Here's a recent email exchange around how to measure and benchmark social media. Please feel free to question or comment.
-----Original Message-----
From: Tracie [name]
Sent: Thu 6/26/2008 8:59 AM
To: gary at blueshirtnation dot com
Subject: Need help
Hi Gary,
I am a director at [company], Inc. I am a part of the corporate
communications department. I oversee [company]'s corporate portal
intranet site and business applications. We are close to rolling out our
custom enterprise 2.0 framework and am trying to reach out to other
companies who have been successful in their deployments to set a
benchmark for comparisons of adoption and overall usage of these
features.
I am also interested in learning what "terms of service" or "usage
policies" where deployed to your work force.
Thanks,
Tracie
Hi Tracie,
not sure how answer benchmarking questions without comparing apples to
oranges. were there specific metrics you were looking for?
Hi Gary,
Thanks for sharing the "use" policy. I think it's to-the-point and the
writing is very clever- who wants to become a social outcast...

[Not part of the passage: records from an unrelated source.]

(* Let $1\le p<\infty$, $\theta,\rho\in(0,1)$, $\Omega\in\mathbb{IR}^{d_0}$ a box with nonempty interior, and $\Phi:\mathbb R^{d_0}\to\mathbb R^{d_{L+1}}$ a feedforward neural network with twice differentiable activation $\sigma$ such that $\sigma,\sigma',\sigma''$ admit interval enclosures $\Sigma,\Sigma',\Sigma''$ that are Hölder continuous on $\mathbb{IR}$. Define $f_{\Phi,2,p}(x)=\sum_{i=1}^{d_{L+1}}\sum_{|\alpha|\le2}|D^\alpha\Phi_i(x)|^p$ and $$F_{\Phi,2,p}(K)=\sum_{i=1}^{d_{L+1}}\Big(|\mathrm{Fval}_{\Phi,L+1,\Sigma}(K)_i|^p+\sum_{j=1}^{d_0}|\mathrm{Jac}_{\Phi,0}(K)_{ij}|^p+\sum_{1\le j\le k\le d_0}|\mathrm{Hess}_{\Phi,i,0}(K)_{jk}|^p\Big).$$ Then $f_{\Phi,2,p}$ is continuous, $F_{\Phi,2,p}$ is a Hölder continuous interval enclosure of $f_{\Phi,2,p}$ on $\Omega$, and AdaQuad with integrand $f_{\Phi,2,p}$, enclosure $F_{\Phi,2,p}$, a positive-weight quadrature rule exact for constants, marking $\mathrm{D\ddot orfler}_\theta$ and refinement $\mathrm{H\ddot older}_\rho$ yields for all $n$ $$\big|\,\|\Phi\|_{W^{2,p}(\Omega;\mathbb R^{d_{L+1}})}-\mathrm Q_n^{1/p}\big|\le\eta_n^{1/p},\qquad\eta_{n+1}\le(1-\theta(1-\rho))\eta_n.$$
   Context: $\|\Phi\|_{W^{k,p}(\Omega;\mathbb R^m)}=(\sum_{i=1}^m\sum_{|\alpha|\le k}\int_\Omega|D^\alpha\Phi_i|^pdx)^{1/p}$, sum over multi-indices each once. Intervals, boxes, interval arithmetic $X\circ Y=\{x\circ y\}$, interval matrix products via usual formula (left to right), $\odot$ entrywise; width $w$ (max entry width); $|X|=\{|x|:x\in X\}$, $X^\gamma=[\underline X^\gamma,\overline X^\gamma]$ for $\underline X\ge0$. Interval enclosure on $\Omega$: inclusion isotonic $F$ with $\phi(K)\subset F(K)$ for boxes $K\subset\Omega$; Hölder continuous: $w(F(K))\le Cw(K)^\gamma$. Network: weights $W^{(\ell)}$, biases $b^{(\ell)}$, $z^{(\ell)}=W^{(\ell-1)}x^{(\ell-1)}+b^{(\ell-1)}$, $x^{(\ell)}=\sigma(z^{(\ell)})$, $x^{(0)}=u$, $\Phi=z^{(L+1)}$. $\mathrm{Fval}_{\Phi,\ell,\Sigma}(K)$: $X^{(0)}=K$; for $k=0,\dots,\ell-1$: $Z^{(k+1)}=W^{(k)}X^{(k)}+b^{(k)}$, $X^{(k+1)}=\Sigma(Z^{(k+1)})$; return $Z^{(\ell)}$. $\mathrm{Jac}_{\Phi,\ell}(K)$: $J^{(L)}=W^{(L)}$; for $k=L-1,\dots,\ell$: $J^{(k)}=(J^{(k+1)}\mathrm{diag}(\Sigma'(\mathrm{Fval}_{\Phi,k+1,\Sigma}(K))))W^{(k)}$; return $J^{(\ell)}$. $\mathrm{Hess}_{\Phi,i,\ell}(K)$: $H^{(L)}=0$; for $k=L-1,\dots,\ell$, with $Z^{(k+1)}=\mathrm{Fval}_{\Phi,k+1,\Sigma}(K)$, $J_i^{(k+1)}$ the $i$-th row of $\mathrm{Jac}_{\Phi,k+1}(K)$: $H^{(k)}=W^{(k)T}\mathrm{diag}(\Sigma'(Z^{(k+1)}))H^{(k+1)}\mathrm{diag}(\Sigma'(Z^{(k+1)}))W^{(k)}+W^{(k)T}\mathrm{diag}(\Sigma''(Z^{(k+1)})\odot J_i^{(k+1)})W^{(k)}$; return $H^{(\ell)}$. AdaQuad: $\mathcal P_0=\{\Omega\}$; with $\eta_K=w(F(K))\mathrm{vol}(K)$, $\mathcal P_{n+1}=(\mathcal P_n\setminus\widetilde{\mathcal P}_n)\cup\bigcup_{K\in\widetilde{\mathcal P}_n}\mathcal R(K)$ with $\widetilde{\mathcal P}_n$ the marked set; $\mathrm Q_n=\sum_{K\in\mathcal P_n}\mathcal I(f,K)$, $\eta_n=\sum_{K\in\mathcal P_n}\eta_K$. Quadrature $\mathcal I(f,K)=\sum_iw_if(x_i)$, $x_i\in K$, $w_i>0$, $\sum w_i=\mathrm{vol}(K)$. $\mathrm{D\ddot orfler}_\theta$: repeatedly mark all unmarked elements of maximal indicator until the marked sum is $\ge\theta$ times the total. $\mathrm{H\ddot older}_\rho(K)$ with a Hölder constant $C$ and exponent $\gamma$ of $F$: if $\eta_K=0$ return $\{K\}$; else split each side $K_i$ (length $l_i$) uniformly into $m_i=\lceil l_i(C\mathrm{vol}(K)/(\rho\eta_K))^{1/\gamma}\rceil$ pieces and return all product boxes. *)

theory Defs
  imports "HOL-Analysis.Analysis" "HOL-Library.Interval"
begin

(* Conventions: all indices are 0-based.  Vectors in R^n are functions nat => real,
   only the entries < n being relevant; matrices are nat => nat => _ .
   A box in IR^n is a function nat => real interval (entries < n relevant). *)

type_synonym ivl = "real interval"
type_synonym ibox = "nat \<Rightarrow> real interval"
type_synonym imat = "nat \<Rightarrow> nat \<Rightarrow> real interval"

definition box_pts :: "nat \<Rightarrow> ibox \<Rightarrow> (nat \<Rightarrow> real) set" where
  "box_pts n K = {x. \<forall>j<n. x j \<in> set_of (K j)}"

definition box_sub :: "nat \<Rightarrow> ibox \<Rightarrow> ibox \<Rightarrow> bool" where
  "box_sub n K K' \<longleftrightarrow> (\<forall>j<n. set_of (K j) \<subseteq> set_of (K' j))"

definition box_width :: "nat \<Rightarrow> ibox \<Rightarrow> real" where
  "box_width n K = (MAX j\<in>{..<n}. width (K j))"

definition box_vol :: "nat \<Rightarrow> ibox \<Rightarrow> real" where
  "box_vol n K = (\<Prod>j<n. width (K j))"

(* X^gamma = [lower X ^gamma, upper X ^gamma] for X >= 0 *)
definition ipowr :: "ivl \<Rightarrow> real \<Rightarrow> ivl" where
  "ipowr X g = Ivl (lower X powr g) (upper X powr g)"

definition imat_mult :: "nat \<Rightarrow> imat \<Rightarrow> imat \<Rightarrow> imat" where
  "imat_mult n A B = (\<lambda>i k. \<Sum>j<n. A i j * B j k)"

definition imat_add :: "imat \<Rightarrow> imat \<Rightarrow> imat" where
  "imat_add A B = (\<lambda>i k. A i k + B i k)"

definition idiag :: "(nat \<Rightarrow> ivl) \<Rightarrow> imat" where
  "idiag v = (\<lambda>i j. if i = j then v i else 0)"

At [company] we went live with our new intranet portal in Jan. We
receive great adoption and are planning to launch its 2.0 framework this
summer. I've been working with our Legal and HR departments to develop
an appropriate "use" policy that umbrellas each 2.0 feature and the new
intranet site as a whole. So, I really appreciate you sharing Blue Shirt
Nation's policy.
Well, as far as benchmarking questions, I guess I'm trying to work on
my approach and show to our middle management the benefits to embracing
2.0 within their areas by reaching out to other companies who have taken
the plunge and have received great benefits b/c they implemented these
collaborative features.
As far as benchmarking, what I am trying to benchmark is employee
adoption and effectiveness of introducing 2.0 features into the business
environment. Also, how did you get middle management to embrace these
features? I will need their support in effort for their employees to
embrace it without labeling 2.0 as add time or responsibility to their
workload.
Currently, my biggest hurdle I face is convincing our operations
managers, HR and Legal departments that these new features are helpful
and will empower associates to be informed, connected, efficient and
make better decisions. I want to articulate and show the business the
value and gains of deploying these tools.
Let me know what you think. Need help here.
Tracie
Tracie,
Measuring social media is hard. It’s hard especially if it’s being used to judge ‘success’ or roi. I think part of the answer is you have to examine the opportunity cost. What are you potentially losing by not providing such a tool. This is true from a recruiting standpoint (for an increasing amount of prospective employees this is just the cost of doing business) as well as a retention standpoint to say nothing of the any peer to peer efficiencies you might gain plus any “game-changing” or even incremental innovations that might surface as a result of giving folks a social platform to connect.
After being live for 2 years blueshirtnation.com has about 23,000 registered users. That’s out of a total workforce of 150,000 employees. Nearly all the users came to the site via word-of-mouth. Everyone I talk to thinks its a success on that metric. But what we use it for and what the expectations are for it both near and long term are very likely different than the expectations you may have. The best advice here is to set out one or two objectives then test and try so you have a baseline that you can look at and be sure to seek out and act on user feedback. That being said, the two numbers I tend to watch most closely are ‘active users’ - the percentage of users who visit at least once a month and average time spent on the site - higher is better.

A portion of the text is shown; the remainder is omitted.